Le 8 août 07 à 01:48, Charilaos Skiadas a écrit :
I was thinking about overriding the '(' key between the parenthesis in the right scope, i.e. between the parentheses around the parameters, but not in the parameters themselves, an replace it by a simple '($0)' snippet. Does it seems a feasible solution?
I think that trying to override '(' in the right scope will not be easy to do. I think your problem really arises from the fact that you want the word "parameters" to be there. Why not simply use $2 instead of ${2:parameters}, like you have $3 with no default value? It seems that would solve your problems, at the small cost of having to remember what you are supposed to place at the second tab stop. I think that any other solution would be too cumbersome compared to this simple change.

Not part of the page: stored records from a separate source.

(* Let $T_2=\frac12\log\big(\det(W_\gamma)/\det(W_{\gamma^0})\big)$ and let $0<\underline\phi_n\le\bar\phi_n$. (a) Suppose that, for some $C_3>0$ and $\delta\ge0$, $\inf_{\gamma\in S_1}\lambda_-\big(\frac1nX_{\gamma\setminus\gamma^0}^T(I_n-P_{\gamma^0})X_{\gamma\setminus\gamma^0}\big)\ge C_3n^{-\delta}$. Then for every $\gamma\in S_1$ and all $c_1,\dots,c_p\in[\underline\phi_n,\bar\phi_n]$, $T_2\ge\frac12(|\gamma|-s_n)\log(1+C_3n^{1-\delta}\underline\phi_n)$. (b) Suppose $\gamma^0\ne\emptyset$ and $\varphi_{\max}(n)\le C_2$ for a constant $C_2>0$. Then for every $\gamma\in S_2$ and all $c_1,\dots,c_p\in[\underline\phi_n,\bar\phi_n]$, $T_2\ge-\frac12s_n\log(1+C_2n\bar\phi_n)$.
   Context: $X$ is an $n\times p$ matrix with $X_\gamma^TX_\gamma$ invertible for every state vector $\gamma$; $\beta^0\in\mathbb R^p$. A state vector is $\gamma\in\{0,1\}^p$; $|\gamma|$ its number of ones; $X_\gamma$ the columns of $X$ indexed by $\{j:\gamma_j=1\}$. $\gamma^0_j=I(\beta^0_j\ne0)$, $s_n=|\gamma^0|$, $\emptyset$ the zero vector. $\gamma\setminus\gamma'$ has $j$-th entry $I(\gamma_j=1,\gamma'_j=0)$; $\gamma\subset\gamma'$ means $\gamma\setminus\gamma'=0$. $P_\gamma=X_\gamma(X_\gamma^TX_\gamma)^{-1}X_\gamma^T$, $P_\emptyset=0$. $S_1=\{\gamma:\gamma^0\subset\gamma,\gamma\neq\gamma^0\}$, $S_2=\{\gamma:\gamma^0\not\subset\gamma\}$. $\lambda_\pm$ are largest/smallest eigenvalues; $\varphi_{\max}(n)=\max_{\gamma\in S_2}\lambda_+\big(\frac1nX_{\gamma^0\setminus\gamma}^TX_{\gamma^0\setminus\gamma}\big)$. With hyperparameters $c_j>0$, $\Sigma=\mathrm{diag}(c_1,\dots,c_p)$, $\Sigma_\gamma$ its diagonal submatrix indexed by $\gamma$, $U_\gamma=\Sigma_\gamma^{-1}+X_\gamma^TX_\gamma$, $W_\gamma=\Sigma_\gamma^{1/2}U_\gamma\Sigma_\gamma^{1/2}$, with conventions $X_\emptyset=0$, $\Sigma_\emptyset=U_\emptyset=W_\emptyset=1$. *)

theory Defs
  imports "Jordan_Normal_Form.DL_Submatrix" "Jordan_Normal_Form.Char_Poly"
begin

(* State vectors gamma in {0,1}^p are represented by their support sets
   gamma \<subseteq> {..<p}; |gamma| = card gamma. *)

definition state_vectors :: "nat \<Rightarrow> nat set set" where
  "state_vectors p = Pow {..<p}"

definition gamma0 :: "real vec \<Rightarrow> nat set" where
  "gamma0 \<beta>0 = {j. j < dim_vec \<beta>0 \<and> \<beta>0 $ j \<noteq> 0}"

definition Xsub :: "real mat \<Rightarrow> nat set \<Rightarrow> real mat" where
  "Xsub X \<gamma> = submatrix X UNIV \<gamma>"

definition minv :: "real mat \<Rightarrow> real mat" where
  "minv A = (SOME B. B \<in> carrier_mat (dim_row A) (dim_row A) \<and>
               A * B = 1\<^sub>m (dim_row A) \<and> B * A = 1\<^sub>m (dim_row A))"

definition Proj :: "real mat \<Rightarrow> nat set \<Rightarrow> real mat" where
  "Proj X \<gamma> = (if \<gamma> = {} then 0\<^sub>m (dim_row X) (dim_row X)
     else Xsub X \<gamma> * minv (transpose_mat (Xsub X \<gamma>) * Xsub X \<gamma>) * transpose_mat (Xsub X \<gamma>))"

definition S1 :: "nat \<Rightarrow> nat set \<Rightarrow> nat set set" where
  "S1 p g0 = {\<gamma> \<in> state_vectors p. g0 \<subseteq> \<gamma> \<and> \<gamma> \<noteq> g0}"

definition S2 :: "nat \<Rightarrow> nat set \<Rightarrow> nat set set" where
  "S2 p g0 = {\<gamma> \<in> state_vectors p. \<not> g0 \<subseteq> \<gamma>}"

definition lambda_max :: "real mat \<Rightarrow> real" where
  "lambda_max A = Max {k. eigenvalue A k}"

definition lambda_min :: "real mat \<Rightarrow> real" where
  "lambda_min A = Min {k. eigenvalue A k}"

definition phi_max :: "real mat \<Rightarrow> real vec \<Rightarrow> real" where
  "phi_max X \<beta>0 = Max ((\<lambda>\<gamma>. lambda_max ((1 / real (dim_row X)) \<cdot>\<^sub>m
       (transpose_mat (Xsub X (gamma0 \<beta>0 - \<gamma>)) * Xsub X (gamma0 \<beta>0 - \<gamma>))))
       ` S2 (dim_col X) (gamma0 \<beta>0))"

definition Sigma_pow :: "(nat \<Rightarrow> real) \<Rightarrow> real \<Rightarrow> nat set \<Rightarrow> real mat" where
  "Sigma_pow c a \<gamma> = mat_diag (card \<gamma>) (\<lambda>i. c (pick \<gamma> i) powr a)"

definition Sigma :: "(nat \<Rightarrow> real) \<Rightarrow> nat set \<Rightarrow> real mat" where
  "Sigma c \<gamma> = mat_diag (card \<gamma>) (\<lambda>i. c (pick \<gamma> i))"

definition Umat :: "real mat \<Rightarrow> (nat \<Rightarrow> real) \<Rightarrow> nat set \<Rightarrow> real mat" where
  "Umat X c \<gamma> = minv (Sigma c \<gamma>) + transpose_mat (Xsub X \<gamma>) * Xsub X \<gamma>"

(* W_gamma = Sigma^{1/2} U Sigma^{1/2}; for gamma = {} this is the 0x0 matrix, det = 1 *)
definition Wmat :: "real mat \<Rightarrow> (nat \<Rightarrow> real) \<Rightarrow> nat set \<Rightarrow> real mat" where
  "Wmat X c \<gamma> = Sigma_pow c (1/2) \<gamma> * Umat X c \<gamma> * Sigma_pow c (1/2) \<gamma>"

definition T2 :: "real mat \<Rightarrow> real vec \<Rightarrow> (nat \<Rightarrow> real) \<Rightarrow> nat set \<Rightarrow> real" where
  "T2 X \<beta>0 c \<gamma> = 1/2 * ln (det (Wmat X c \<gamma>) / det (Wmat X c (gamma0 \<beta>0)))"

end

theory Submission
  imports Defs "Jordan_Normal_Form.Schur_Decomposition"
    "HOL-Computational_Algebra.Fundamental_Theorem_Algebra"
begin

(* Put Z_g = X_g Sigma_g^(1/2) and K_g = Z_g Z_g^T = sum_(j in g) c_j x_j x_j^T.  Then
   W_g = I + Z_g^T Z_g, and Sylvester's identity det (I + A B) = det (I + B A) gives
   det W_g = det (I_n + K_g).  For disjoint A, D we have K_(A u D) = K_A + K_D, whence
     det (I + K_(A u D)) = det (I + K_A) * det (I + Z_D^T (I + K_A)^(-1) Z_D).
   (a) Take A = g0, D = g - g0.  The resolvent (I + K_g0)^(-1) dominates the projection
       I - P_g0 (which annihilates K_g0), so the quadratic form of the second factor is at
       least (1 + n C3 n^(-delta) phi_lo) |v|^2, and its determinant at least that to the |D|.
   (b) Take A = g n g0.  Both W_g and W_g0 split over A; the factor for g is >= 1 and the
       factor for g0 is <= (1 + n C2 phi_hi)^|g0 - g|, because the resolvent is <= I. *)

lemma conjugate_real_vec [simp]: "conjugate (v :: real vec) = v"
  by (rule eq_vecI, auto simp: conjugate_vec_def)

lemma mat_diag_mult_vec:
  assumes y: "y \<in> carrier_vec k"
  shows "mat_diag k d *\<^sub>v y = vec k (\<lambda>i. d i * y $ i)"
proof (rule eq_vecI)
  fix i assume "i < dim_vec (vec k (\<lambda>i. d i * y $ i))"
  hence i: "i < k" by simp
  have "(mat_diag k d *\<^sub>v y) $ i = (\<Sum>j\<in>{0..<k}. (if i = j then d j else 0) * y $ j)"
    using i y by (simp add: mat_diag_def scalar_prod_def)
  also have "\<dots> = d i * y $ i" using i by (subst sum.remove[of _ i], auto)
  finally show "(mat_diag k d *\<^sub>v y) $ i = vec k (\<lambda>i. d i * y $ i) $ i" using i by simp
qed (insert y, auto simp: mat_diag_def)

lemma sum_squares_vec: "v \<in> carrier_vec k \<Longrightarrow> v \<bullet> v = (\<Sum>t<k. ((v :: real vec) $ t)^2)"
  by (auto simp: scalar_prod_def lessThan_atLeast0 power2_eq_square)

lemma mult3_mat_vec:
  assumes "A \<in> carrier_mat k k" "B \<in> carrier_mat k k" "C \<in> carrier_mat k k" "y \<in> carrier_vec k"
  shows "(A * B * C) *\<^sub>v y = A *\<^sub>v (B *\<^sub>v (C *\<^sub>v y))"
  using assms by (simp add: assoc_mult_mat_vec[of _ k k _ k])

Well, of course, it would be easy in that case. But even for a quite simple macro, that I use from time to time, which computes
{ f(x, y) | x \in A, y \in B when test(x,y) } — eventually with more variables, of course
and whose structure is
(make-comprehension (f x y) ((x A) (y B)) ((test x y)))
which would give a snippet such as
(make-comprehension $1 ($2) ($3))
I always spend some time searching through my code to spot an example to get the order right, forget one or two brackets and loose some time before spotting the misused structure until I get it right. In practice, I don't even use a snippet, copy-paste is more efficient. I could probably if it was written as, let's say
(make-comprehension ${1:expression} (${2:list of variables' spans}) ($ {3:list of tests}))
In the end, it's not a major problem, but it's quite annoying. And Lisp already make me loose my temper easily.